Chine
Un ex-haut fonctionnaire condamné à mort

(Photo : AFP)
Nommé en 1998 à la tête de l’Administration des médicaments et des produits alimentaires (SFDA), Zheng Xiaoyu a été limogé en juin 2005. Il est accusé d’avoir touché 6,4 millions de yuans (environ 620 000 €) de pots-de-vin. Deux semaines après l’ouverture du procès, le 16 mai, un tribunal de Pékin, a condamné en première instance l’ancien haut fonctionnaire à la peine capitale pour corruption et manquement à son devoir. Cette sentence a valeur d’exemple. Elle vient corroborer le Quotidien du Peuple –l’organe du Parti communiste chinois- qui titre, ce mardi : «Pas de fléchissement dans la campagne anti-corruption dans le secteur économique».
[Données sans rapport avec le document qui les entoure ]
(* Let $P_Z$ be a latent distribution and $\tau:\Theta\times\mathcal{Z}\to\mathbb{R}^p$ a simulator, and let $P_\theta$ denote the law of $\tau(\theta,Z)$, $Z\sim P_Z$. Suppose the observed data are $X_i^*=\tau(\theta^*,Z_i^* )$, $i=1,\dots,n$, with $Z_1^*,\dots,Z_n^*$ i.i.d. $P_Z$, and let $\mathbf{Z}_m=(Z_1,\dots,Z_m)$ be i.i.d. $P_Z$, independent of the $Z_i^*$. Assume: (i) there exists $C>0$ with $\|\theta_1-\theta_2\|\le C\,d_{SW}(P_{\theta_1},P_{\theta_2})$ for all $\theta_1,\theta_2\in\Theta$; (ii) for $\mathbf{Z}_k$ i.i.d. $P_Z$ of any size $k$, $\sup_{\theta\in\Theta}d_{SW}(\mathbb{Q}^\theta_k,P_\theta)=O_p(k^{-1/2})$, where $\mathbb{Q}^\theta_k=\frac1k\sum_{j=1}^k\delta_{\tau(\theta,Z_j)}$. Then any $\hat\theta_{m,n}\in\arg\min_{\theta\in\Theta}d_{SW}\big(\mathbb{Q}^\theta_m,\mathbb{P}_n\big)$, where $\mathbb{P}_n=\frac1n\sum_{i=1}^n\delta_{X_i^*}$ and $\mathbb{Q}^\theta_m$ uses $\mathbf{Z}_m$, satisfies $$\|\hat\theta_{m,n}-\theta^*\|=O_p(n^{-1/2}+m^{-1/2}).$$
   Context: For probability measures $\mu,\nu$ on $\mathbb{R}^p$ with finite first moment, the sliced Wasserstein distance is $d_{SW}(\mu,\nu)=\int_{S^{p-1}}W_1(\mu_\omega,\nu_\omega)\,d\sigma(\omega)$, where $\sigma$ is the uniform probability measure on the unit sphere $S^{p-1}$, $\mu_\omega,\nu_\omega$ are the pushforwards of $\mu,\nu$ under $x\mapsto\omega^Tx$, and $W_1$ is the 1-Wasserstein distance on $\mathbb{R}$. $\delta_x$ is the Dirac mass at $x$. The minimizer is assumed to exist. *)

theory Defs
  imports "HOL-Probability.Probability"
begin

definition outer_prob :: "'a measure \<Rightarrow> 'a set \<Rightarrow> real" where
  "outer_prob M A = (INF B \<in> {B \<in> sets M. A \<inter> space M \<subseteq> B}. measure M B)"

definition emp_measure :: "nat \<Rightarrow> (nat \<Rightarrow> 'a::topological_space) \<Rightarrow> 'a measure" where
  "emp_measure k x = distr (uniform_count_measure {..<k}) borel x"

text \<open>Uniform (normalised surface) probability measure on the unit sphere,
  obtained as the radial projection of the normalised Lebesgue measure on the unit ball.\<close>
definition sphere_unif :: "'a::euclidean_space measure" where
  "sphere_unif = distr (uniform_measure lborel (ball 0 1)) borel (\<lambda>x. x /\<^sub>R norm x)"

definition W1 :: "real measure \<Rightarrow> real measure \<Rightarrow> ennreal" where
  "W1 \<mu> \<nu> = (INF \<pi> \<in> {\<pi>. sets \<pi> = sets (borel \<Otimes>\<^sub>M borel) \<and>
                        distr \<pi> borel fst = \<mu> \<and> distr \<pi> borel snd = \<nu>}.
              \<integral>\<^sup>+ p. ennreal \<bar>fst p - snd p\<bar> \<partial>\<pi>)"

definition dSW :: "'a::euclidean_space measure \<Rightarrow> 'a measure \<Rightarrow> ennreal" where
  "dSW \<mu> \<nu> = (\<integral>\<^sup>+ \<omega>. W1 (distr \<mu> borel (\<lambda>x. \<omega> \<bullet> x)) (distr \<nu> borel (\<lambda>x. \<omega> \<bullet> x)) \<partial>sphere_unif)"

end

theory Submission
  imports Defs
begin

text \<open>On the real line, W1 is the L1 distance of the distribution functions: any coupling costs at
  least that much (integrate over the thresholds t separating its two coordinates), and the quantile
  coupling attains it. So W1, and hence dSW, is a pseudometric on Borel probability measures.
  Let D_k be the uniform deviation sup_theta dSW(Q^theta_k, P_theta). The triangle inequality and the
  minimising property of the estimator give dSW(P_thetahat, P_thetastar) <= 2 D_m + 2 D_n, which
  identifiability turns into |thetahat - thetastar| <= 2C (D_m + D_n). The O_p(k^(-1/2)) bound on D_k,
  applied to both independent samples and combined by a union bound on the product space, gives
  the rate.\<close>

lemma nn_integral_threshold_disagreement:
  fixes a b :: real
  shows "(\<integral>\<^sup>+t. indicator {t. (a \<le> t) \<noteq> (b \<le> t)} t \<partial>lborel) = ennreal \<bar>a - b\<bar>"
proof -
  have "{t. (a \<le> t) \<noteq> (b \<le> t)} = {min a b..<max a b}" by auto
  then show ?thesis by (simp add: max_def min_def)
qed

lemma (in finite_measure) abs_measure_diff_le_measure_sym_diff:
  assumes "A \<in> sets M" "B \<in> sets M"
  shows "\<bar>measure M A - measure M B\<bar> \<le> measure M ((A - B) \<union> (B - A))"
proof -
  have "measure M ((A - B) \<union> (B - A)) = measure M (A - B) + measure M (B - A)"
    using assms by (intro finite_measure_Union) auto
  moreover have "measure M (A - B) = measure M A - measure M (A \<inter> B)"
    and "measure M (B - A) = measure M B - measure M (A \<inter> B)"
    using assms by (auto simp: finite_measure_Diff' Int_commute)
  ultimately show ?thesis
    using measure_nonneg[of M "A - B"] measure_nonneg[of M "B - A"] by linarith
qed

lemma cdf_l1_le_coupling_cost:
  fixes \<pi> :: "(real \<times> real) measure"
  assumes \<mu>: "real_distribution \<mu>" and sets_\<pi>: "sets \<pi> = sets (borel \<Otimes>\<^sub>M borel)"
    and fst_\<pi>: "distr \<pi> borel fst = \<mu>" and snd_\<pi>: "distr \<pi> borel snd = \<nu>"
  shows "(\<integral>\<^sup>+t. ennreal \<bar>cdf \<mu> t - cdf \<nu> t\<bar> \<partial>lborel) \<le> (\<integral>\<^sup>+p. ennreal \<bar>fst p - snd p\<bar> \<partial>\<pi>)"
proof -
  have fst_measurable[measurable]: "fst \<in> borel_measurable \<pi>"
    and snd_measurable[measurable]: "snd \<in> borel_measurable \<pi>"
    by (simp_all add: measurable_cong_sets[OF sets_\<pi> refl])
  interpret prob_space \<pi>
    using prob_space_distrD[OF fst_measurable] \<mu> fst_\<pi> by (simp add: real_distribution_def)
  interpret pair_sigma_finite \<pi> lborel
    by (intro pair_sigma_finite.intro sigma_finite_measure_axioms lborel.sigma_finite_measure_axioms)
  define D where "D t = {p \<in> space \<pi>. (fst p \<le> t) \<noteq> (snd p \<le> t)}" for t
  have D_sets: "D t \<in> sets \<pi>" for t unfolding D_def by measurable
  have "ennreal \<bar>cdf \<mu> t - cdf \<nu> t\<bar> \<le> emeasure \<pi> (D t)" for t
  proof -
    let ?A = "{p \<in> space \<pi>. fst p \<le> t}" and ?B = "{p \<in> space \<pi>. snd p \<le> t}"
    have "cdf \<mu> t = measure \<pi> ?A" "cdf \<nu> t = measure \<pi> ?B"
      unfolding cdf_def fst_\<pi>[symmetric] snd_\<pi>[symmetric]
      by (simp_all add: measure_distr vimage_def Int_def conj_commute)
    moreover have "(?A - ?B) \<union> (?B - ?A) = D t" unfolding D_def by auto
    moreover have "?A \<in> sets \<pi>" "?B \<in> sets \<pi>" by measurable
    ultimately show ?thesis
      using abs_measure_diff_le_measure_sym_diff[of ?A ?B] by (simp add: emeasure_eq_measure)
  qed
  then have "(\<integral>\<^sup>+t. ennreal \<bar>cdf \<mu> t - cdf \<nu> t\<bar> \<partial>lborel) \<le> (\<integral>\<^sup>+t. emeasure \<pi> (D t) \<partial>lborel)"
    by (rule nn_integral_mono)
  also have "\<dots> = (\<integral>\<^sup>+t. (\<integral>\<^sup>+p. indicator {t. (fst p \<le> t) \<noteq> (snd p \<le> t)} t \<partial>\<pi>) \<partial>lborel)"
    using D_sets by (auto simp: nn_integral_indicator[symmetric] D_def indicator_def
        intro!: nn_integral_cong)
  also have "\<dots> = (\<integral>\<^sup>+p. (\<integral>\<^sup>+t. indicator {t. (fst p \<le> t) \<noteq> (snd p \<le> t)} t \<partial>lborel) \<partial>\<pi>)"
    by (rule Fubini') (unfold indicator_def, measurable)
  also have "\<dots> = (\<integral>\<^sup>+p. ennreal \<bar>fst p - snd p\<bar> \<partial>\<pi>)"
    by (simp only: nn_integral_threshold_disagreement)
  finally show ?thesis .
qed
(* Suppose that the limit $c_1:=\lim_{n\to\infty}E_n(F_1(n))/n$ exists and $c_1\in(0,1)$. Then for every sequence of positive numbers $(\lambda_n)_{n\ge1}$ with $\lambda_n/n\to1$, $$\lim_{L\to\infty}\limsup_{n\to\infty}\frac1n\sum_{k\in M_n^{Lc}}\big(\lambda_n p_{kn}+(\lambda_n p_{kn})^2\big)e^{-\lambda_n p_{kn}}=0,$$ where $M_n^{Lc}=\{k\ge1: np_{kn}>L\}$. In particular, for every such sequence $(\lambda_n)$ and every $\varepsilon>0$, $$\lim_{n\to\infty}\frac{1}{s_n^2}\sum_{k=1}^\infty(\lambda_n p_{kn})^2e^{-\lambda_n p_{kn}}\,I_{\{\lambda_n p_{kn}>\varepsilon s_n^2/a(s_n^2)\}}=0.$$
   Context: For each $n\ge1$, $P_n$ is a probability measure (expectation $E_n$) and $p_n=(p_{kn})_{k\ge1}$ is a probability vector. Under $P_n$ a sample of size $n$ is drawn i.i.d. from countably many species, species $k$ with probability $p_{kn}$; $X_k(n)$ is the number of times species $k$ appears, and $F_1(n)=\#\{k: X_k(n)=1\}$. For $\lambda>0$, $s_{\lambda n}^2=\sum_{k\ge1}\big(\lambda p_{kn}+(\lambda p_{kn})^2\big)e^{-\lambda p_{kn}}$ and $s_n^2=s_{nn}^2$. The function $a:[0,\infty)\to[1,\infty)$ satisfies $a(t)/\sqrt t\to\infty$ and $a(t)/t\to0$ as $t\to\infty$. *)

theory Defs
  imports "HOL-Probability.Probability"
begin

text \<open>Species are indexed by natural numbers; p n k is the probability p_{kn} of species k
  in the n-th model.\<close>

definition species_pmf :: "(nat \<Rightarrow> nat \<Rightarrow> real) \<Rightarrow> nat \<Rightarrow> nat pmf" where
  "species_pmf p n = embed_pmf (\<lambda>k. p n k)"

definition sample_pmf :: "(nat \<Rightarrow> nat \<Rightarrow> real) \<Rightarrow> nat \<Rightarrow> (nat \<Rightarrow> nat) pmf" where
  "sample_pmf p n = Pi_pmf {..<n} 0 (\<lambda>_. species_pmf p n)"

definition Xcount :: "nat \<Rightarrow> (nat \<Rightarrow> nat) \<Rightarrow> nat \<Rightarrow> nat" where
  "Xcount n \<omega> k = card {i \<in> {..<n}. \<omega> i = k}"

definition F1 :: "nat \<Rightarrow> (nat \<Rightarrow> nat) \<Rightarrow> nat" where
  "F1 n \<omega> = card {k. Xcount n \<omega> k = 1}"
Depuis 2001, la Chine exige une homologation des médicaments à l’échelon national, dans le but de mettre fin aux fraudes et falsifications, alors monnaie courante. L’agence de réglementation des médicaments et des produits alimentaires a notifié que l’une des sociétés mises en cause dans le scandale de corruption, Kongliyuan Group, avait reçu de M. Zheng, grâce à une homologation accélérée, l’attribution de licences pharmaceutiques concernant 227 médicaments particulièrement rémunérateurs, des antibiotiques pour la plupart.
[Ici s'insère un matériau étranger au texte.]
lemma ln_det_minorant_le: "ln_det_minorant Pt P \<le> ln (Re (det (mat 1 + P ** ctrans P)))"
  using ln_det_ge_mse_bound[OF pd_identity_plus_gram[of Pt]] by (simp add: ln_det_minorant_eq_mse)

lemma ln_det_minorant_self: "ln_det_minorant Pt Pt = ln (Re (det (mat 1 + Pt ** ctrans Pt)))"
proof -
  have "(mat 1 + Pt ** ctrans Pt) ** mmse_matrix Pt = mat 1"
    using mmse_matrix_inverse matrix_left_right_inverse by blast
  then show ?thesis by (simp add: ln_det_minorant_eq_mse mse_matrix_mmse_filter trace_I)
qed

section \<open>Diagonal scalings, phases and the quadratic minorant\<close>

lemma trace_mult_ctrans_diagm: "trace (A ** ctrans (diagm q)) = cdot q (diagv A)"
proof -
  have "(A ** ctrans (diagm q)) $ i $ i = cnj (q $ i) * A $ i $ i" for i
    by (simp add: ctrans_diagm matrix_mult_diagm_nth mult.commute)
  then show ?thesis by (simp add: trace_def cdot_def diagv_def)
qed

lemma trace_diagm_sandwich:
  "trace (ctrans (diagm q) ** A ** diagm q ** B) = cdot q (hadamard A (transpose B) *v q)"
proof -
  have "(ctrans (diagm q) ** A ** diagm q) $ i $ j = cnj (q $ i) * A $ i $ j * q $ j" for i j
    by (simp add: matrix_mult_diagm_nth ctrans_diagm diagm_matrix_mult_nth)
  then show ?thesis
    by (simp add: trace_def mat_mul_nth[of "ctrans (diagm q) ** A ** diagm q"] cdot_def hadamard_def
        mat_vec_nth transpose_def sum_distrib_left mult_ac)
qed

lemma trace_mult_ctrans_scaled:
  "trace (X ** ctrans (H ** diagm q ** B)) = cdot q (diagv (ctrans H ** X ** ctrans B))"
proof -
  have "trace (X ** ctrans (H ** diagm q ** B)) = trace ((X ** ctrans B ** ctrans (diagm q)) ** ctrans H)"
    by (simp add: ctrans_matrix_mult matrix_mul_assoc)
  also have "\<dots> = trace (ctrans H ** X ** ctrans B ** ctrans (diagm q))"
    by (simp add: trace_mul_sym[of _ "ctrans H"] matrix_mul_assoc)
  finally show ?thesis by (simp add: trace_mult_ctrans_diagm)
qed

lemma trace_quadratic_scaled:
  "trace (X ** ctrans (H ** diagm q ** B) ** (H ** diagm q ** B) ** Y)
     = cdot q (hadamard (ctrans H ** H) (transpose (B ** Y ** X ** ctrans B)) *v q)"
proof -
  have "trace (X ** ctrans (H ** diagm q ** B) ** (H ** diagm q ** B) ** Y)
      = trace ((X ** ctrans B) ** (ctrans (diagm q) ** (ctrans H ** H) ** diagm q ** (B ** Y)))"
    by (simp add: ctrans_matrix_mult matrix_mul_assoc)
  also have "\<dots> = trace ((ctrans (diagm q) ** (ctrans H ** H) ** diagm q ** (B ** Y)) ** (X ** ctrans B))"
    by (rule trace_mul_sym)
  also have "\<dots> = trace (ctrans (diagm q) ** (ctrans H ** H) ** diagm q ** (B ** Y ** X ** ctrans B))"
    by (simp add: matrix_mul_assoc)
  finally show ?thesis by (simp only: trace_diagm_sandwich)
qed

lemma hermitian_hadamard_transpose:
  assumes "hermitian A" "hermitian B"
  shows "hermitian (hadamard A (transpose B))"
proof -
  have "cnj (A $ j $ i) = A $ i $ j" "cnj (B $ j $ i) = B $ i $ j" for i j
    using assms by (metis ctrans_nth hermitian_iff)+
  then show ?thesis by (simp add: hermitian_iff hadamard_def vec_eq_iff transpose_def)
qed

text \<open>Expand \<open>0 \<le> (q - q_t)^H (\<lambda>_1 I - Z) (q - q_t)\<close> and use \<open>q^H q = q_t^H q_t = n\<close>.\<close>
lemma unimod_quad_form_minorant:
  fixes Z :: "complex^'n^'n"
  assumes herm: "hermitian Z" and q: "unimod q" and qt: "unimod qt"
  shows "- 2 * real CARD('n) * lambda1 Z
           + 2 * Re (cdot q ((mat (complex_of_real (lambda1 Z)) - Z) *v qt)) + quad_form Z qt
         \<le> - quad_form Z q"
proof -
  define M where "M = mat (complex_of_real (lambda1 Z)) - Z"
  have M_herm: "hermitian M"
    using herm by (simp add: M_def hermitian_iff ctrans_diff ctrans_mat)
  have M_form: "quad_form M x = lambda1 Z * Re (cdot x x) - quad_form Z x" for x
    by (simp add: M_def quad_form_def matrix_vector_mult_diff_rdistrib cdot_diff_right cdot_mat)
  have "0 \<le> quad_form M (q - qt)"
    using quad_form_le_lambda1[OF herm, of "q - qt"] by (simp add: M_form)
  also have "quad_form M (q - qt) = quad_form M q - 2 * Re (cdot q (M *v qt)) + quad_form M qt"
    using quad_form_add_scaled[OF M_herm, of q "-1" qt] Re_cdot_commute[of q "M *v qt"]
    by (simp add: hermitian_cdot_swap[OF M_herm])
  finally show ?thesis
    using cdot_self_unimod[OF q] cdot_self_unimod[OF qt] unfolding M_def[symmetric]
    by (simp add: M_form algebra_simps)
qed

lemma unimod_quad_form_minorant_self:
  fixes Z :: "complex^'n^'n"
  assumes "unimod qt"
  shows "- 2 * real CARD('n) * lambda1 Z
           + 2 * Re (cdot qt ((mat (complex_of_real (lambda1 Z)) - Z) *v qt)) + quad_form Z qt
         = - quad_form Z qt"
  using cdot_self_unimod[OF assms]
  by (simp add: quad_form_def matrix_vector_mult_diff_rdistrib cdot_diff_right cdot_mat)

lemma Re_cdot_unimod_le: "unimod q \<Longrightarrow> Re (cdot q v) \<le> (\<Sum>k\<in>UNIV. cmod (v $ k))"
  unfolding cdot_def Re_sum
  by (intro sum_mono) (metis complex_Re_le_cmod complex_mod_cnj mult_cancel_right1 norm_mult unimod_def)

lemma Re_cdot_phase_aligned:
  assumes "\<forall>k. v $ k \<noteq> 0 \<longrightarrow> q $ k = exp (\<i> * complex_of_real (Arg (v $ k)))"
  shows "Re (cdot q v) = (\<Sum>k\<in>UNIV. cmod (v $ k))"
proof -
  have "cnj (q $ k) * v $ k = complex_of_real (cmod (v $ k))" for k
  proof (cases "v $ k = 0")
    case False
    then have "cnj (q $ k) * v $ k = cnj (v $ k) * v $ k / complex_of_real (cmod (v $ k))"
      using assms cis_Arg[OF False] by (simp add: cis_conv_exp sgn_eq)
    also have "cnj (v $ k) * v $ k = complex_of_real (cmod (v $ k)) * complex_of_real (cmod (v $ k))"
      using complex_norm_square[of "v $ k"] by (simp add: power2_eq_square mult.commute)
    finally show ?thesis using False by simp
  qed simp
  then show ?thesis by (simp add: cdot_def Re_sum)
qed

lemma ln_det_minorant_diagm:
  fixes H :: "complex^'n^'d" and B :: "complex^'n^'n" and Pt :: "complex^'n^'d"
  assumes "ctrans B = B"
  defines "Qi \<equiv> matrix_inv (mmse_matrix Pt)" and "J \<equiv> mmse_filter Pt"
  shows "ln_det_minorant Pt (H ** diagm q ** B)
           = - ln (Re (det (mmse_matrix Pt))) + 2 * real CARD('d) - 2 * Re (trace Qi)
             + Re (trace (Qi ** J ** ctrans Pt ** Pt ** ctrans J))
             + 2 * Re (cdot q (diagv (ctrans H ** Qi ** J ** B)))
             - quad_form (hadamard (ctrans H ** H) (transpose (B ** ctrans J ** Qi ** J ** B))) q"
  unfolding ln_det_minorant_def Let_def trace_mult_ctrans_scaled trace_quadratic_scaled
  by (simp add: assms(1) quad_form_def matrix_mul_assoc flip: Qi_def J_def)

theorem proposition3:
  fixes H_AI :: "complex^'m^'n" and H_IB :: "complex^'n^'d"
    and R :: "complex^'m^'m" and qt :: "complex^'n"
    and L Lh :: "complex^'n^'n" and g gt :: "complex^'n \<Rightarrow> real"
    and C1 C2 :: real
    and Pt JB :: "complex^'n^'d" and QB :: "complex^'d^'d"
    and A1 :: "complex^'n^'d" and A2 A4 Z :: "complex^'n^'n" and A3 :: "complex^'d^'n"
    and a4 v :: "complex^'n"
  assumes R_psd: "psd R"
    and Lh_psd: "psd Lh"
    and Lh_sqrt: "Lh ** Lh = L"
    and qt_unimod: "unimod qt"
    and L_def: "L = H_AI ** R ** ctrans H_AI"
    and g_def: "g = (\<lambda>q. ln (Re (det (mat 1 + H_IB ** diagm q ** L ** ctrans (diagm q) ** ctrans H_IB))))"
    and Pt_def: "Pt = H_IB ** diagm qt ** Lh"
    and QB_def: "QB = mat 1 - Pt ** matrix_inv (mat 1 + ctrans Pt ** Pt) ** ctrans Pt"
    and JB_def: "JB = Pt ** matrix_inv (mat 1 + ctrans Pt ** Pt)"
    and A1_def: "A1 = matrix_inv QB ** JB ** Lh"
    and A2_def: "A2 = ctrans H_IB ** H_IB"
    and A3_def: "A3 = Lh ** ctrans JB"
    and A4_def: "A4 = ctrans H_IB ** matrix_inv QB ** JB ** Lh"
    and Z_def: "Z = hadamard A2 (transpose (A3 ** A1))"
    and a4_def: "a4 = diagv A4"
    and C1_def: "C1 = - ln (Re (det QB)) + real CARD('d) - Re (trace (matrix_inv QB))"
    and C2_def: "C2 = real CARD('d) - Re (trace (matrix_inv QB))
               + Re (trace (matrix_inv QB ** JB ** ctrans Pt ** Pt ** ctrans JB))"
    and gt_def: "gt = (\<lambda>q. - 2 * real CARD('n) * lambda1 Z
               + 2 * Re (cdot q ((mat (complex_of_real (lambda1 Z)) - Z) *v qt))
               + Re (cdot qt (Z *v qt))
               + 2 * Re (cdot q a4) + C1 + C2)"
    and v_def: "v = (mat (complex_of_real (lambda1 Z)) - Z) *v qt + a4"
  shows "(\<forall>q. unimod q \<longrightarrow> g q \<ge> gt q) \<and> g qt = gt qt
         \<and> (\<forall>qs. unimod qs \<and> (\<forall>k. v $ k \<noteq> 0 \<longrightarrow> qs $ k = exp (\<i> * complex_of_real (Arg (v $ k))))
                \<longrightarrow> (\<forall>q. unimod q \<longrightarrow> gt q \<le> gt qs))"
proof -
  have Lh_herm: "ctrans Lh = Lh" using Lh_psd by (simp add: psd_def hermitian_iff)
  define P where "P q = H_IB ** diagm q ** Lh" for q
  have g_P: "g q = ln (Re (det (mat 1 + P q ** ctrans (P q))))" for q
    by (simp add: g_def P_def Lh_sqrt[symmetric] ctrans_matrix_mult Lh_herm matrix_mul_assoc)
  have QB: "QB = mmse_matrix Pt" and JB: "JB = mmse_filter Pt"
    by (simp_all add: QB_def JB_def mmse_matrix_def mmse_filter_def)
  have QB_inv: "matrix_inv QB = mat 1 + Pt ** ctrans Pt"
    unfolding QB by (rule matrix_inv_eq[OF mmse_matrix_inverse])
  have Z_herm: "hermitian Z"
    unfolding Z_def A1_def A2_def A3_def
    by (intro hermitian_hadamard_transpose)
      (simp_all add: hermitian_iff QB_inv ctrans_matrix_mult ctrans_add ctrans_mat Lh_herm matrix_mul_assoc)
  have minorant: "ln_det_minorant Pt (P q) = C1 + C2 + 2 * Re (cdot q a4) - quad_form Z q" for q
    unfolding P_def ln_det_minorant_diagm[OF Lh_herm]
    by (simp add: C1_def C2_def a4_def A4_def Z_def A1_def A2_def A3_def matrix_mul_assoc flip: QB JB)
  have lower: "gt q \<le> g q" if "unimod q" for q
    using unimod_quad_form_minorant[OF Z_herm that qt_unimod] ln_det_minorant_le[of Pt "P q"]
    by (simp add: gt_def g_P minorant quad_form_def)
  have "P qt = Pt" by (simp add: P_def Pt_def)
  then have tight: "g qt = gt qt"
    using minorant[of qt] ln_det_minorant_self[of Pt] unimod_quad_form_minorant_self[OF qt_unimod, of Z]
    by (simp add: gt_def g_P quad_form_def)
  have aligned: "gt q \<le> gt qs"
    if "unimod q" and "\<forall>k. v $ k \<noteq> 0 \<longrightarrow> qs $ k = exp (\<i> * complex_of_real (Arg (v $ k)))" for q qs
    using Re_cdot_unimod_le[OF that(1), of v] Re_cdot_phase_aligned[OF that(2)]
    by (simp add: gt_def v_def cdot_add_right)
  show ?thesis using lower tight aligned by blast
qed

end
De l’antigel dans le sirop
Le premier scandale sanitaire éclate en 2006. Six personnes décèdent lors d’une perfusion. On détecte du diéthylène-glycol, un liquide incolore et pratiquement inodore. Ce composant entre dans la préparation d’antigel, lubrifiants, liquides de freins, encres et colles. Il sert également d’adoucissant dans la fabrication des textiles. Dans le même temps, on enregistre des décès similaires dans les dix provinces de la République populaire. Par ailleurs, en août dernier, de nombreux malaises cardiaques surviennent après absorption d’un faux Viagra. Les stocks sont détruits sur ordre du Premier ministre Wen Jiabao.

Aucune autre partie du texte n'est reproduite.